◆ Instructions for the task: An exact copy of all the data is the expected answer.

Records excerpted from a collection:
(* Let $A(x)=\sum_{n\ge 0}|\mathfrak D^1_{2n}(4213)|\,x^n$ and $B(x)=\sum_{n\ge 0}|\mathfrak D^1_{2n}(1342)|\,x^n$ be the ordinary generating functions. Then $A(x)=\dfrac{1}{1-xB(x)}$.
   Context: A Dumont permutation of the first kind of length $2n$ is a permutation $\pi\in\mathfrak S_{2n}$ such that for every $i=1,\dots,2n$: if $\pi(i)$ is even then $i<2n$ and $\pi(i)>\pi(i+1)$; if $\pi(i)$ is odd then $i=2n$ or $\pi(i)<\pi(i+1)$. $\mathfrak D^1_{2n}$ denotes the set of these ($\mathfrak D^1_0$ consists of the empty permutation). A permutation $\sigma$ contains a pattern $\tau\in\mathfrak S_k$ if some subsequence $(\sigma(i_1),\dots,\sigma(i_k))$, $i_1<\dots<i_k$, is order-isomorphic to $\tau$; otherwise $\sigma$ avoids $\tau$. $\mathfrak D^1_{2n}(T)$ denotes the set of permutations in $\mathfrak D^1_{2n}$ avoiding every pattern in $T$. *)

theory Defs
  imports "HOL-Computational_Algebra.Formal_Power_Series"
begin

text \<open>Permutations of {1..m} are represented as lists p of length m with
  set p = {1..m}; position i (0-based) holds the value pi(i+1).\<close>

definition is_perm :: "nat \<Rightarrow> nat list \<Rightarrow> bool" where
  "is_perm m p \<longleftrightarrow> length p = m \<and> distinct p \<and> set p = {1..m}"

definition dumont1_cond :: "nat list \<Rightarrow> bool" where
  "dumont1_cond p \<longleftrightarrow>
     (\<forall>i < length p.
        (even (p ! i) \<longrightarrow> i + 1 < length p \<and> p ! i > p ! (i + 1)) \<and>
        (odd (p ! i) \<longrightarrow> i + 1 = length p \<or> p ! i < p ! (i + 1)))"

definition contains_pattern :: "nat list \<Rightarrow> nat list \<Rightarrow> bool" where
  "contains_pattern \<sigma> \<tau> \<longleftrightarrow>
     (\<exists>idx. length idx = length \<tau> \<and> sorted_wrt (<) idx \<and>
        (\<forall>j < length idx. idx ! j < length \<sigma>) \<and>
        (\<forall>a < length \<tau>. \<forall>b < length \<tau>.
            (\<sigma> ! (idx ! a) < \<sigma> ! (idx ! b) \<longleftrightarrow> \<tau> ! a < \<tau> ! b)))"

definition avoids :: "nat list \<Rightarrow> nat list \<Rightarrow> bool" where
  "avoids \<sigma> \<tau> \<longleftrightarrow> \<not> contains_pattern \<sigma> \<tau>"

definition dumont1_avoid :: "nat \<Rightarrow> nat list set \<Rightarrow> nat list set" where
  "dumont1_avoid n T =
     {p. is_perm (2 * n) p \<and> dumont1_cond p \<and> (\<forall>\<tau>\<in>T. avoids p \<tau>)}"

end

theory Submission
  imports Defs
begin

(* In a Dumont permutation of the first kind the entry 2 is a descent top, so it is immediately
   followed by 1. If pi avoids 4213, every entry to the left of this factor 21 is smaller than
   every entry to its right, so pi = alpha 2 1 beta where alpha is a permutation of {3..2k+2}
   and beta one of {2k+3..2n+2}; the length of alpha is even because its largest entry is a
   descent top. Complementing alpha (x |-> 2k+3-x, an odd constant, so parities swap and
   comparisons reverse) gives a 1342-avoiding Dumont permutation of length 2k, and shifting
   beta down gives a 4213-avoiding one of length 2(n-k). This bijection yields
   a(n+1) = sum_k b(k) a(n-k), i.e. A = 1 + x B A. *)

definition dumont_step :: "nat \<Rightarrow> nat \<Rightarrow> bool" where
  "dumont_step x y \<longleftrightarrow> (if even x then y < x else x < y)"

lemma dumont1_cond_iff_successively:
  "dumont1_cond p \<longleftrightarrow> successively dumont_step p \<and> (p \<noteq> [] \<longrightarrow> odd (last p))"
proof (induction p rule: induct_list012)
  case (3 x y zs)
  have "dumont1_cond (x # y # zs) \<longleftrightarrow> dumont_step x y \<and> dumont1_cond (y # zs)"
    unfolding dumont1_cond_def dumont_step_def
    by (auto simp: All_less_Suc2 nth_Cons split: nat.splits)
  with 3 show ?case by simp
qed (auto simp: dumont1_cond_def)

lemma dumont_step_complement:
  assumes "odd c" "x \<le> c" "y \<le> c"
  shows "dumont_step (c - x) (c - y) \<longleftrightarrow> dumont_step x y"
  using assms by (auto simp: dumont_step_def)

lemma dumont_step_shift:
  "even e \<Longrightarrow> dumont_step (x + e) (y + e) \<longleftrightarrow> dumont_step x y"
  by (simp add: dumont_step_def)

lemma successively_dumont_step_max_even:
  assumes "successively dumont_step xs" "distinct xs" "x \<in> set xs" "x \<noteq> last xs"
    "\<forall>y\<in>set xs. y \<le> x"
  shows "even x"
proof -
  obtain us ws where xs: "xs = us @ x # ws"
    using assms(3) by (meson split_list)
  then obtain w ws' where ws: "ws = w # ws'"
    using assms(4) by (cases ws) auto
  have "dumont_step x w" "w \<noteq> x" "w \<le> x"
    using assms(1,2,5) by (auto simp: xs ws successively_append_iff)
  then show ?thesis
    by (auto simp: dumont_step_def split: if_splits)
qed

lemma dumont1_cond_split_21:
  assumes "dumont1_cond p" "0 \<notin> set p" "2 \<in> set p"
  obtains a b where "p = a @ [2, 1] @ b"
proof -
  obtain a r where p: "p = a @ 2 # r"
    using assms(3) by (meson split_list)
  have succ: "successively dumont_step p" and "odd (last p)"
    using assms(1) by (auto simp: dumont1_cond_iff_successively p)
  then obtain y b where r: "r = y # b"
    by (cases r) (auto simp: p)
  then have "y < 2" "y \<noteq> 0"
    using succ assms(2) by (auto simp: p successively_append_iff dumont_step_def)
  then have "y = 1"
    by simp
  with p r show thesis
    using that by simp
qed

◆ Solution:
(* Let $A(x)=\sum_{n\ge 0}|\mathfrak D^1_{2n}(4213)|\,x^n$ and $B(x)=\sum_{n\ge 0}|\mathfrak D^1_{2n}(1342)|\,x^n$ be the ordinary generating functions. Then $A(x)=\dfrac{1}{1-xB(x)}$.
   Context: A Dumont permutation of the first kind of length $2n$ is a permutation $\pi\in\mathfrak S_{2n}$ such that for every $i=1,\dots,2n$: if $\pi(i)$ is even then $i<2n$ and $\pi(i)>\pi(i+1)$; if $\pi(i)$ is odd then $i=2n$ or $\pi(i)<\pi(i+1)$. $\mathfrak D^1_{2n}$ denotes the set of these ($\mathfrak D^1_0$ consists of the empty permutation). A permutation $\sigma$ contains a pattern $\tau\in\mathfrak S_k$ if some subsequence $(\sigma(i_1),\dots,\sigma(i_k))$, $i_1<\dots<i_k$, is order-isomorphic to $\tau$; otherwise $\sigma$ avoids $\tau$. $\mathfrak D^1_{2n}(T)$ denotes the set of permutations in $\mathfrak D^1_{2n}$ avoiding every pattern in $T$. *)

theory Defs
  imports "HOL-Computational_Algebra.Formal_Power_Series"
begin

text \<open>Permutations of {1..m} are represented as lists p of length m with
  set p = {1..m}; position i (0-based) holds the value pi(i+1).\<close>

definition is_perm :: "nat \<Rightarrow> nat list \<Rightarrow> bool" where
  "is_perm m p \<longleftrightarrow> length p = m \<and> distinct p \<and> set p = {1..m}"

definition dumont1_cond :: "nat list \<Rightarrow> bool" where
  "dumont1_cond p \<longleftrightarrow>
     (\<forall>i < length p.
        (even (p ! i) \<longrightarrow> i + 1 < length p \<and> p ! i > p ! (i + 1)) \<and>
        (odd (p ! i) \<longrightarrow> i + 1 = length p \<or> p ! i < p ! (i + 1)))"

definition contains_pattern :: "nat list \<Rightarrow> nat list \<Rightarrow> bool" where
  "contains_pattern \<sigma> \<tau> \<longleftrightarrow>
     (\<exists>idx. length idx = length \<tau> \<and> sorted_wrt (<) idx \<and>
        (\<forall>j < length idx. idx ! j < length \<sigma>) \<and>
        (\<forall>a < length \<tau>. \<forall>b < length \<tau>.
            (\<sigma> ! (idx ! a) < \<sigma> ! (idx ! b) \<longleftrightarrow> \<tau> ! a < \<tau> ! b)))"

definition avoids :: "nat list \<Rightarrow> nat list \<Rightarrow> bool" where
  "avoids \<sigma> \<tau> \<longleftrightarrow> \<not> contains_pattern \<sigma> \<tau>"

definition dumont1_avoid :: "nat \<Rightarrow> nat list set \<Rightarrow> nat list set" where
  "dumont1_avoid n T =
     {p. is_perm (2 * n) p \<and> dumont1_cond p \<and> (\<forall>\<tau>\<in>T. avoids p \<tau>)}"

end

theory Submission
  imports Defs
begin

(* In a Dumont permutation of the first kind the entry 2 is a descent top, so it is immediately
   followed by 1. If pi avoids 4213, every entry to the left of this factor 21 is smaller than
   every entry to its right, so pi = alpha 2 1 beta where alpha is a permutation of {3..2k+2}
   and beta one of {2k+3..2n+2}; the length of alpha is even because its largest entry is a
   descent top. Complementing alpha (x |-> 2k+3-x, an odd constant, so parities swap and
   comparisons reverse) gives a 1342-avoiding Dumont permutation of length 2k, and shifting
   beta down gives a 4213-avoiding one of length 2(n-k). This bijection yields
   a(n+1) = sum_k b(k) a(n-k), i.e. A = 1 + x B A. *)

definition dumont_step :: "nat \<Rightarrow> nat \<Rightarrow> bool" where
  "dumont_step x y \<longleftrightarrow> (if even x then y < x else x < y)"

lemma dumont1_cond_iff_successively:
  "dumont1_cond p \<longleftrightarrow> successively dumont_step p \<and> (p \<noteq> [] \<longrightarrow> odd (last p))"
proof (induction p rule: induct_list012)
  case (3 x y zs)
  have "dumont1_cond (x # y # zs) \<longleftrightarrow> dumont_step x y \<and> dumont1_cond (y # zs)"
    unfolding dumont1_cond_def dumont_step_def
    by (auto simp: All_less_Suc2 nth_Cons split: nat.splits)
  with 3 show ?case by simp
qed (auto simp: dumont1_cond_def)

lemma dumont_step_complement:
  assumes "odd c" "x \<le> c" "y \<le> c"
  shows "dumont_step (c - x) (c - y) \<longleftrightarrow> dumont_step x y"
  using assms by (auto simp: dumont_step_def)

lemma dumont_step_shift:
  "even e \<Longrightarrow> dumont_step (x + e) (y + e) \<longleftrightarrow> dumont_step x y"
  by (simp add: dumont_step_def)

lemma successively_dumont_step_max_even:
  assumes "successively dumont_step xs" "distinct xs" "x \<in> set xs" "x \<noteq> last xs"
    "\<forall>y\<in>set xs. y \<le> x"
  shows "even x"
proof -
  obtain us ws where xs: "xs = us @ x # ws"
    using assms(3) by (meson split_list)
  then obtain w ws' where ws: "ws = w # ws'"
    using assms(4) by (cases ws) auto
  have "dumont_step x w" "w \<noteq> x" "w \<le> x"
    using assms(1,2,5) by (auto simp: xs ws successively_append_iff)
  then show ?thesis
    by (auto simp: dumont_step_def split: if_splits)
qed

lemma dumont1_cond_split_21:
  assumes "dumont1_cond p" "0 \<notin> set p" "2 \<in> set p"
  obtains a b where "p = a @ [2, 1] @ b"
proof -
  obtain a r where p: "p = a @ 2 # r"
    using assms(3) by (meson split_list)
  have succ: "successively dumont_step p" and "odd (last p)"
    using assms(1) by (auto simp: dumont1_cond_iff_successively p)
  then obtain y b where r: "r = y # b"
    by (cases r) (auto simp: p)
  then have "y < 2" "y \<noteq> 0"
    using succ assms(2) by (auto simp: p successively_append_iff dumont_step_def)
  then have "y = 1"
    by simp
  with p r show thesis
    using that by simp
qed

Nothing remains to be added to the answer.